Так по-двое, по-трое разошлись и остальные.
Возчик Сунь долго смотрел на уходивших и наконец с сердцем сказал:
— Вот маньчжоугоские головы!
Тем не менее, улучив минуту, когда никто не смотрел в его сторону, потихоньку и сам сбежал.
Вернувшись в школу, Лю Шэн сел в углу на свои вещи, Обхватив голову руками.
Прошло много времени, прежде чем он мрачно произнес:
— Совершенно непредвиденная неудача…
— Не непредвиденная! — отозвался Сяо Сян, посмотрев с участием на расстроенного товарища, но, стараясь ободрить его, добавил: — Это было неизбежно. Впрочем, есть и хорошая сторона в том, что мы созвали собрание. По крайней мере, узнали теперь, что положение в деревне сложное и что нельзя горячиться.
Снова было устроено короткое совещание, на котором единогласно приняли решение: с утра всем членам бригады разыскать самых бедных крестьян, постараться завести с ними дружбу, выявить возможных активистов, собрать сведения о помещиках и решить, с кем из них начать борьбу в первую очередь.
IV
Едва рассвело и не успели еще смолкнуть петухи, как члены бригады были уже на ногах. Вскипятили воду, закусили и разошлись в разные стороны искать семьи бедняков.
Условились по вечерам обмениваться мнениями, жить вместе, иметь при себе деньги и, покупая продукты, расплачиваться сразу.
Побывав в ближайших дворах, Сяо Ван направился в южную часть деревни.
Навстречу ему из калитки выбежал голый мальчуган. Сяо Ван узнал того самого малыша, который вчера, споткнувшись о камень, растянулся на дороге.
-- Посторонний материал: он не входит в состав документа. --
lemma Lfun_of_nat_mult: "Lfun (of_nat n * X) = of_nat n * Lfun X"
  by (induction n) (auto simp: Lfun_zero Lfun_add distrib_right)

lemma Lfun_single: "Lfun (Poly_Mapping.single \<alpha> a) = a * monomial_weight \<alpha>"
  unfolding Lfun_def monomial_weight_def by auto

lemma sum_singles_superset:
  assumes "finite A" "Poly_Mapping.keys X \<subseteq> A"
  shows "(\<Sum>\<alpha>\<in>A. Poly_Mapping.single \<alpha> (Poly_Mapping.lookup X \<alpha>)) = X"
proof (rule poly_mapping_eqI)
  fix \<beta>
  show "Poly_Mapping.lookup (\<Sum>\<alpha>\<in>A. Poly_Mapping.single \<alpha> (Poly_Mapping.lookup X \<alpha>)) \<beta> =
      Poly_Mapping.lookup X \<beta>"
    using assms by (auto simp: lookup_sum lookup_single when_def in_keys_iff)
qed

lemma single_power:
  "Poly_Mapping.single \<alpha> a ^ n = Poly_Mapping.single (\<Sum>i<n. \<alpha>) (a ^ n)"
  by (induction n) (simp_all add: mult_single add.commute)

lemma lookup_sum_copies:
  fixes \<alpha> :: "nat \<Rightarrow>\<^sub>0 nat"
  shows "Poly_Mapping.lookup (\<Sum>i<n. \<alpha>) j = n * Poly_Mapping.lookup \<alpha> j"
  unfolding lookup_sum by simp

lemma keys_sum_copies:
  fixes \<alpha> :: "nat \<Rightarrow>\<^sub>0 nat" and n :: nat
  assumes "n \<noteq> 0"
  shows "Poly_Mapping.keys (\<Sum>i<n. \<alpha>) = Poly_Mapping.keys \<alpha>"
  using assms unfolding set_eq_iff in_keys_iff lookup_sum_copies by simp

lemma Lfun_single_power:
  "Lfun (Poly_Mapping.single \<alpha> a ^ n) =
     a ^ n * (\<Prod>i \<in> Poly_Mapping.keys \<alpha>. fact (n * Poly_Mapping.lookup \<alpha> i))"
proof (cases "n = 0")
  case False
  then show ?thesis
    unfolding single_power Lfun_single monomial_weight_def lookup_sum_copies keys_sum_copies[OF False] by simp
qed (use Lfun_single[of 0 1] in \<open>simp add: monomial_weight_def\<close>)

definition coeffs_in :: "complex set \<Rightarrow> cpoly \<Rightarrow> bool" where
  "coeffs_in S X \<longleftrightarrow> (\<forall>\<alpha>. Poly_Mapping.lookup X \<alpha> \<in> S)"

lemma coeffs_in_ring_gen:
  obtains l where "coeffs_in (ring_gen l) f"
proof -
  obtain l where l: "set l = Poly_Mapping.lookup f ` Poly_Mapping.keys f"
    using finite_list[of "Poly_Mapping.lookup f ` Poly_Mapping.keys f"] by auto
  have "Poly_Mapping.lookup f \<alpha> \<in> ring_gen l" for \<alpha>
  proof (cases "\<alpha> \<in> Poly_Mapping.keys f")
    case True
    then show ?thesis
      using l set_subset_ring_gen[of l] by blast
  next
    case False
    then show ?thesis
      using csubring.zero_closed[OF csubring_ring_gen] by (simp add: in_keys_iff)
  qed
  then show ?thesis
    using that unfolding coeffs_in_def by blast
qed

context csubring
begin

lemma coeffs_in_single: "a \<in> S \<Longrightarrow> coeffs_in S (Poly_Mapping.single \<alpha> a)"
  unfolding coeffs_in_def by (auto simp: lookup_single when_def zero_closed)

lemma coeffs_in_sum: "(\<And>i. i \<in> A \<Longrightarrow> coeffs_in S (F i)) \<Longrightarrow> coeffs_in S (sum F A)"
  unfolding coeffs_in_def by (auto simp: lookup_sum intro!: sum_closed)

lemma coeffs_in_mult:
  assumes X: "coeffs_in S X" and Y: "coeffs_in S Y"
  shows "coeffs_in S (X * Y)"
proof -
  let ?sX = "\<lambda>\<alpha>. Poly_Mapping.single \<alpha> (Poly_Mapping.lookup X \<alpha>)"
    and ?sY = "\<lambda>\<beta>. Poly_Mapping.single \<beta> (Poly_Mapping.lookup Y \<beta>)"
  have "X * Y = (\<Sum>\<alpha>\<in>Poly_Mapping.keys X. ?sX \<alpha>) * (\<Sum>\<beta>\<in>Poly_Mapping.keys Y. ?sY \<beta>)"
    by (simp add: sum_singles_superset)
  also have "\<dots> = (\<Sum>\<alpha>\<in>Poly_Mapping.keys X. \<Sum>\<beta>\<in>Poly_Mapping.keys Y.
      Poly_Mapping.single (\<alpha> + \<beta>) (Poly_Mapping.lookup X \<alpha> * Poly_Mapping.lookup Y \<beta>))"
    by (simp add: sum_product mult_single)
  finally show ?thesis
    using X Y unfolding coeffs_in_def[of S X] coeffs_in_def[of S Y]
    by (auto intro!: coeffs_in_sum coeffs_in_single mult_closed)
qed

lemma coeffs_in_power: "coeffs_in S X \<Longrightarrow> coeffs_in S (X ^ n)"
  using coeffs_in_single[OF one_closed, of 0]
  by (induction n) (auto simp: coeffs_in_mult)

lemma Lfun_closed: "coeffs_in S X \<Longrightarrow> Lfun X \<in> S"
  unfolding Lfun_def coeffs_in_def by (auto intro!: sum_closed mult_closed prod_closed fact_closed)

text \<open>Frobenius congruence for L: L((X + Y)^p) = L(X^p) + L(Y^p) modulo pS,
  since the mixed binomial terms carry a binomial coefficient divisible by p.\<close>

lemma Lfun_power_add_cong:
  assumes p: "prime p" and X: "coeffs_in S X" and Y: "coeffs_in S Y"
  shows "divisible_in S p (Lfun ((X + Y) ^ p) - Lfun (X ^ p) - Lfun (Y ^ p))"
proof -
  define h where "h k = of_nat (p choose k) * X ^ k * Y ^ (p - k)" for k
  have p0: "p \<noteq> 0" using p by auto
  have "{..p} = insert p (insert 0 {1..<p})"
    by auto
  then have "Lfun ((X + Y) ^ p) = Lfun (h p) + Lfun (h 0) + (\<Sum>k\<in>{1..<p}. Lfun (h k))"
    unfolding binomial_ring[of X Y p] h_def[symmetric] Lfun_sum using p0 by (simp add: add.assoc)
  moreover have "Lfun (h p) = Lfun (X ^ p)" "Lfun (h 0) = Lfun (Y ^ p)"
    unfolding h_def by simp_all
  moreover have "divisible_in S p (Lfun (h k))" if k: "k \<in> {1..<p}" for k
  proof -
    obtain N where N: "p choose k = p * N"
      using dvd_choose_prime[of k p] k p by auto
    have "Lfun (h k) = of_nat p * (of_nat N * Lfun (X ^ k * Y ^ (p - k)))"
      unfolding h_def by (simp add: N mult.assoc Lfun_of_nat_mult)
    then show ?thesis
      unfolding divisible_in_def using X Y
      by (blast intro: mult_closed of_nat_closed Lfun_closed coeffs_in_mult coeffs_in_power)
  qed
  then have "divisible_in S p (\<Sum>k\<in>{1..<p}. Lfun (h k))"
    by (rule divisible_in_sum)
  ultimately show ?thesis
    by simp
qed

lemma Lfun_power_sum_cong:
  assumes p: "prime p" and F: "\<And>\<alpha>. \<alpha> \<in> A \<Longrightarrow> coeffs_in S (F \<alpha>)"
  shows "divisible_in S p (Lfun ((\<Sum>\<alpha>\<in>A. F \<alpha>) ^ p) - (\<Sum>\<alpha>\<in>A. Lfun (F \<alpha> ^ p)))"
  using F
proof (induction A rule: infinite_finite_induct)
  case (insert \<beta> A)
  let ?s = "\<Sum>\<alpha>\<in>A. F \<alpha>"
  have "divisible_in S p (Lfun ((F \<beta> + ?s) ^ p) - Lfun (F \<beta> ^ p) - Lfun (?s ^ p))"
    using insert.prems by (intro Lfun_power_add_cong p coeffs_in_sum) auto
  moreover have "divisible_in S p (Lfun (?s ^ p) - (\<Sum>\<alpha>\<in>A. Lfun (F \<alpha> ^ p)))"
    using insert.IH insert.prems by simp
  ultimately have "divisible_in S p
      ((Lfun ((F \<beta> + ?s) ^ p) - Lfun (F \<beta> ^ p) - Lfun (?s ^ p)) +
       (Lfun (?s ^ p) - (\<Sum>\<alpha>\<in>A. Lfun (F \<alpha> ^ p))))"
    by (rule divisible_in_add)
  then show ?case
    using insert.hyps by (simp add: algebra_simps)
qed (use p prime_gt_0_nat in \<open>simp_all add: Lfun_zero zero_power divisible_in_zero\<close>)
Он взял его на руки и спросил:
— Как тебя зовут?
— Со-чжу, — ответил малыш и схватился ручонками за красный шелковый шнур маузера.
— Сколько тебе лет?
— Мама говорит — пять. Отец обещает, что через два года буду пасти свиней. Он меня всегда ругает: не могу, говорит, тебя кормить, уходи вон. А я не пойду и буду с мамой, пусть он сам уходит.
— А твой отец дома?
— Вот он.
Решетчатая дверь, оклеенная бумагой, отворилась. Показался человек, обнаженный до пояса. В руках у него была короткая трубочка. Человек остановился посреди двора. На вид ему можно было дать года тридцать два. Звали его Чжао Юй-линь. Зарабатывал он только на пропитание, а на одежду заработать никак не мог.
Зимой супруги Чжао слезали с кана лишь затем, чтобы принести дров или воды и приготовить еду. За ворота выйти было не в чем.
Летом, когда посевы поднимались настолько, что могли скрыть человека, жена Чжао Юй-линя уходила работать на поле в чем мать родила. В деревне долгое время не знали об этом и обнаружили случайно. Однажды, когда она пропалывала кукурузу, на краю поля кто-то крикнул. Женщина высунулась. Тут люди и увидели, что на ней ничего нет. С тех пор за всей семьей утвердилась кличка «голые Чжао».
В дни освобождения Маньчжурии одна из частей Советской Армии побывала в деревне Юаньмаотунь. Командир части, узнав о бедственном положении Чжао Юй-линя, подарил ему два комплекта военного обмундирования. Тогда «голые Чжао» оделись и могли даже принимать гостей.
— Товарищ, заходи, посиди, — пригласил Чжао Юй-линь.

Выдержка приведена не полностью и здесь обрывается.